A language in which the interpreter is written can encapsulate that information in an object. The object contains a function's start and end address and its name. In the case of a snippet, the start and end addresses of the associated instruction sequence and a placeholder name are specified. The placeholder name is based on the function in which the corresponding snippet is present. Finally, the information object is passed to the runtime system to make information available for the trace in the event of a crash.
After generating and registering a snippet, everything is prepared for execution. The snippet has been assigned to an ASMSnippetNode and is represented by a callable function pointer.
The execute( ) function of the ASMSnippetNode calls the process( ) function of the LocalInterpreter with the node as a parameter. Then, the function pointer of the node into the snippet m_snippet is queried and invoked with arguments. That triggers the function call mechanism, which automatically enters the snippet function, executes all instructions, and returns from the snippet back into the LocalInterpreter, as shown in the algorithm 1500 of FIG. 15 .
After the snippet function returns, it is checked whether an exception was thrown while the snippet was being executed. If an exception has been thrown, the m_isExceptionThrown flag has been set to true. In that case, the snippet node's process( ) and execute( ) functions return early as well.
The generation of snippets is integrated into the creation of blocks, which can prevent snippets from spanning more than one block. A block creator can hand over the instructions to a block in the order of execution. The corresponding instructions can also be written in the correct order into the snippet by intercepting the nodes during block creation.
In order to create a snippet, the corresponding nodes are searched and grouped. Algorithm 1600 of FIG. 16 shows how the nodes are bundled into a snippet. The pushToCurrentBlock( ) function of the BlockInstructionCreator is responsible for constructing instruction blocks. The pushToCurrentSnippet( ) function is interposed in that procedure. It checks whether the incoming node is translatable and, thus, should belong to the current snippet. If that check is successful, the pushToCurrentBlock( ) function returns early. As a result, the node is not added to the block but to the snippet.
The push ToCurrentSnippet( ) function checks for nodes that are either compactifiable or at least devirtualizable. Otherwise, there is no machine code translation for that node. If a node is not translatable, the snippet is closed. That is done using the close ASMSnippet( ) function. After that, the function returns false, which puts the non-translatable node into the block in the push ToCurrentBlock( ) function.
However, if a node is translatable, either an active snippet exists or a new one is created. If the node buffer is empty and thus no node is stored for a snippet, a new snippet can be initialized with the openASMSnippet( ) function.

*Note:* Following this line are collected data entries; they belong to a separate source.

theorem proposition3p6:
  fixes F :: "'a::{real_inner,complete_space} \<Rightarrow> 'b::{real_inner,complete_space}"
    and F' :: "'a \<Rightarrow> ('a \<Rightarrow>\<^sub>L 'b)"
    and Fadj :: "'a \<Rightarrow> 'b \<Rightarrow> 'a"
    and D :: "'a set"
    and x0 xstar z :: 'a and y yd :: 'b
    and \<rho> \<eta> cF \<delta> :: real
    and K k :: nat
    and lam :: "nat \<Rightarrow> real" and I :: "nat \<Rightarrow> nat set" and x :: "nat \<Rightarrow> 'a"
  assumes rho_pos: "\<rho> > 0"
    and ball_dom: "cball x0 (4 * \<rho>) \<subseteq> D"
    and deriv: "\<forall>v\<in>D. (F has_derivative blinfun_apply (F' v)) (at v within D)"
    and deriv_cont: "continuous_on D F'"
    and adjoint: "\<forall>v\<in>D. \<forall>h w. inner (F' v h) w = inner h (Fadj v w)"
    and A1: "xstar \<in> cball x0 \<rho>" "F xstar = y"
    and eta: "0 < \<eta>" "\<eta> < 1"
    and A2: "\<forall>v\<in>cball x0 (4 * \<rho>). \<forall>w\<in>cball x0 (4 * \<rho>).
               norm (F v - F w - F' v (v - w)) \<le> \<eta> * norm (F v - F w)"
    and A3: "\<forall>v\<in>cball x0 (4 * \<rho>). 0 < norm (F' v) \<and> norm (F' v) \<le> cF"
    and delta_pos: "\<delta> > 0"
    and data: "norm (yd - y) \<le> \<delta>"
    and K: "K \<ge> 1"
    and lam: "\<forall>j. 0 \<le> lam j \<and> lam j \<le> 1" "lam 0 = 0"
    and Iset: "\<forall>j. finite (I j) \<and> j \<in> I j \<and> I j \<subseteq> {j - K..j}"
    and x_init: "x 0 = x0"
    and x_step: "\<forall>j. x (Suc j) =
       pseq (tgss_stripes \<delta> \<eta> Fadj F yd x lam (I j)) (tgss_z x lam j) (card (I j))"
    and resid: "norm (tgss_r F yd x lam k) > (1 + \<eta>) / (1 - \<eta>) * \<delta>"
  shows "tgss_z x lam k \<in> halfspace_gt (tgss_u Fadj F yd x lam k)
            (tgss_alpha Fadj F yd x lam k + tgss_xi \<delta> \<eta> F yd x lam k)
       \<and> ((\<forall>i\<in>I k. tgss_z x lam i \<in> cball x0 (4 * \<rho>)) \<and> z \<in> cball x0 (4 * \<rho>) \<and> F z = y
          \<longrightarrow> tgss_u Fadj F yd x lam k \<noteq> 0
            \<and> (\<forall>j < card (I k).
                 is_metric_proj (\<Inter>i\<le>j. tgss_stripes \<delta> \<eta> Fadj F yd x lam (I k) ! i)
                   (pseq (tgss_stripes \<delta> \<eta> Fadj F yd x lam (I k)) (tgss_z x lam k) j)
                   (pseq (tgss_stripes \<delta> \<eta> Fadj F yd x lam (I k)) (tgss_z x lam k) (Suc j)))
            \<and> (norm (z - x (Suc k)))\<^sup>2 \<le> (norm (z - tgss_z x lam k))\<^sup>2
                - (norm (tgss_r F yd x lam k) * (norm (tgss_r F yd x lam k) - \<delta>
                     - \<eta> * (norm (tgss_r F yd x lam k) + \<delta>)) / norm (tgss_u Fadj F yd x lam k))\<^sup>2)"
proof -
  let ?zk = "tgss_z x lam k" and ?r = "tgss_r F yd x lam k" and ?u = "tgss_u Fadj F yd x lam k"
  let ?Hs = "tgss_stripes \<delta> \<eta> Fadj F yd x lam (I k)"
  define g where "g = norm ?r * (norm ?r - \<delta> - \<eta> * (norm ?r + \<delta>))"
  have gap: "inner ?u ?zk - (tgss_alpha Fadj F yd x lam k + tgss_xi \<delta> \<eta> F yd x lam k) = g"
    by (simp add: g_def tgss_alpha_def tgss_xi_def power2_eq_square algebra_simps)
  have "0 < g" unfolding g_def using discrepancy_gap_pos delta_pos eta resid by simp
  then have "?zk \<in> halfspace_gt ?u (tgss_alpha Fadj F yd x lam k + tgss_xi \<delta> \<eta> F yd x lam k)"
    using gap by (simp add: halfspace_gt_def)
  moreover
  {
    assume hyp: "\<forall>i\<in>I k. tgss_z x lam i \<in> cball x0 (4 * \<rho>)" "z \<in> cball x0 (4 * \<rho>)" "F z = y"
    have fin: "finite (I k)" and kI: "k \<in> I k" and Ik_le: "\<forall>m\<in>I k. m \<le> k"
      using Iset by (auto dest!: subsetD)
    have zH: "z \<in> tgss_H \<delta> \<eta> Fadj F yd x lam m" if "m \<in> I k" for m
    proof -
      have "tgss_z x lam m \<in> cball x0 (4 * \<rho>)" using hyp that by blast
      with ball_dom show ?thesis
        by (intro solution_in_tgss_H[where F' = F' and y = y]) (use adjoint A2 hyp data eta in auto)
    qed
    note sets = tgss_stripes_nth_closed_convex[OF fin _ zH]
    have n: "0 < card (I k)" using fin kI card_gt_0_iff by blast
    have H0: "?Hs ! 0 = tgss_H \<delta> \<eta> Fadj F yd x lam k"
      by (rule tgss_stripes_nth_0) (use fin kI Ik_le in auto)
    have "pseq ?Hs ?zk 1 \<in> stripe ?u (tgss_alpha Fadj F yd x lam k) (tgss_xi \<delta> \<eta> F yd x lam k)"
      using is_metric_proj_pseq[OF sets n, of ?zk] H0 by (simp add: is_metric_proj_def tgss_H_def)
    note separation = stripe_separation[OF this \<open>0 < g\<close> gap[symmetric, THEN eq_refl]]
    have "(norm (z - x (Suc k)))\<^sup>2 + (norm (?zk - pseq ?Hs ?zk 1))\<^sup>2 \<le> (norm (z - ?zk))\<^sup>2"
      using pseq_descent[OF sets n] x_step by simp
    with separation have "?u \<noteq> 0 \<and> (\<forall>j < card (I k). is_metric_proj (\<Inter>i\<le>j. ?Hs ! i) (pseq ?Hs ?zk j) (pseq ?Hs ?zk (Suc j)))
      \<and> (norm (z - x (Suc k)))\<^sup>2 \<le> (norm (z - ?zk))\<^sup>2 - (g / norm ?u)\<^sup>2"
      using is_metric_proj_pseq[OF sets] by auto
  }
  ultimately show ?thesis unfolding g_def by blast
qed
lemma is_iso_Jcat_iff:
  assumes "f \<in> Jhom k l"
  shows "is_iso Jcat k l f \<longleftrightarrow> fst k = fst l"
proof
  assume "is_iso Jcat k l f"
  then obtain g where "g \<in> Jhom l k" unfolding is_iso_def by auto
  then show "fst k = fst l" using Jhom_imp_le[of k l] Jhom_imp_le[of l k] assms by fastforce
next
  assume eq: "fst k = fst l"
  obtain m1 m2 n1 n2 where kl: "k = (m1, m2)" "l = (n1, n2)" by (cases k; cases l)
  obtain b1 b2 s where f: "f = ((m1, m2), (n1, n2), b1, b2, s)" "b1 \<in> inj_maps m1 n1"
      "b2 \<in> inj_maps m2 n2" "bij_betw s (compl m1 n1 b1) (compl m2 n2 b2)"
      "\<forall>i. i \<notin> compl m1 n1 b1 \<longrightarrow> s i = 0"
    using assms unfolding kl Jhom_iff by blast
  have mn1: "m1 = n1" using eq kl by simp
  have c1: "compl m1 n1 b1 = {}" using inj_maps_compl_empty f(2) mn1 by simp
  then have "compl m2 n2 b2 = {}" using f(4) by (simp add: bij_betw_def)
  then have mn2: "m2 = n2" using inj_maps_compl_empty_imp_eq f(3) by blast
  have s0: "s = (\<lambda>_. 0)" using f(5) c1 by auto
  define g1 where "g1 \<equiv> \<lambda>i. if i < m1 then the_inv_into {..<m1} b1 i else 0"
  define g2 where "g2 \<equiv> \<lambda>i. if i < m2 then the_inv_into {..<m2} b2 i else 0"
  note G1 = inj_maps_inverse[OF f(2)[folded mn1], folded g1_def]
  note G2 = inj_maps_inverse[OF f(3)[folded mn2], folded g2_def]
  define g where "g = ((m1, m2), (m1, m2), g1, g2, (\<lambda>_::nat. 0::nat))"
  have C: "compl m1 m1 g1 = {}" "compl m2 m2 g2 = {}" "compl m1 m1 b1 = {}" "compl m2 m2 b2 = {}"
    using inj_maps_compl_empty G1(1) G2(1) f(2,3) mn1 mn2 by auto
  have "g \<in> Jhom l k"
    unfolding g_def kl mn1[symmetric] mn2[symmetric] Jhom_iff using G1(1) G2(1) C
    by (auto simp: bij_betw_def)
  moreover have "Jcomp g f = Id Jcat k" "Jcomp f g = Id Jcat l"
    unfolding g_def f(1) kl mn1[symmetric] mn2[symmetric] s0
    using G1(2,3) G2(2,3) C by (simp_all add: Jcomp_eq)
  ultimately show "is_iso Jcat k l f" unfolding is_iso_def using assms by auto
qed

Each translatable node is placed in a buffer for the current snippet instead of being written directly. That allows the nodes to be grouped first, and then, based on the number of nodes, it is decided whether a snippet is worthwhile. If it is, the corresponding memory with the translations of the nodes is written when the snippet is closed.
Calling the closeASMBlock( ) function writes the buffered nodes to the snippet, as shown in algorithm 1700 of FIG. 17 . That happens when the block is finished, and no further instructions are available or when the generator encounters nodes that cannot be translated.
If the buffer contains only one node, the snippet is not generated, and the node is placed in the block instead. That is because snippets cause a noticeable overhead if they only map one node. In that case, a virtual function call and the call of the snippet function are used, whereas only one virtual function call is used if the node is directly placed into the block.
However, a ASMSnippetNode is created if enough nodes are present. That node encapsulates the snippet to be integrated into the existing execution mechanism. Finally, this node is placed into the block.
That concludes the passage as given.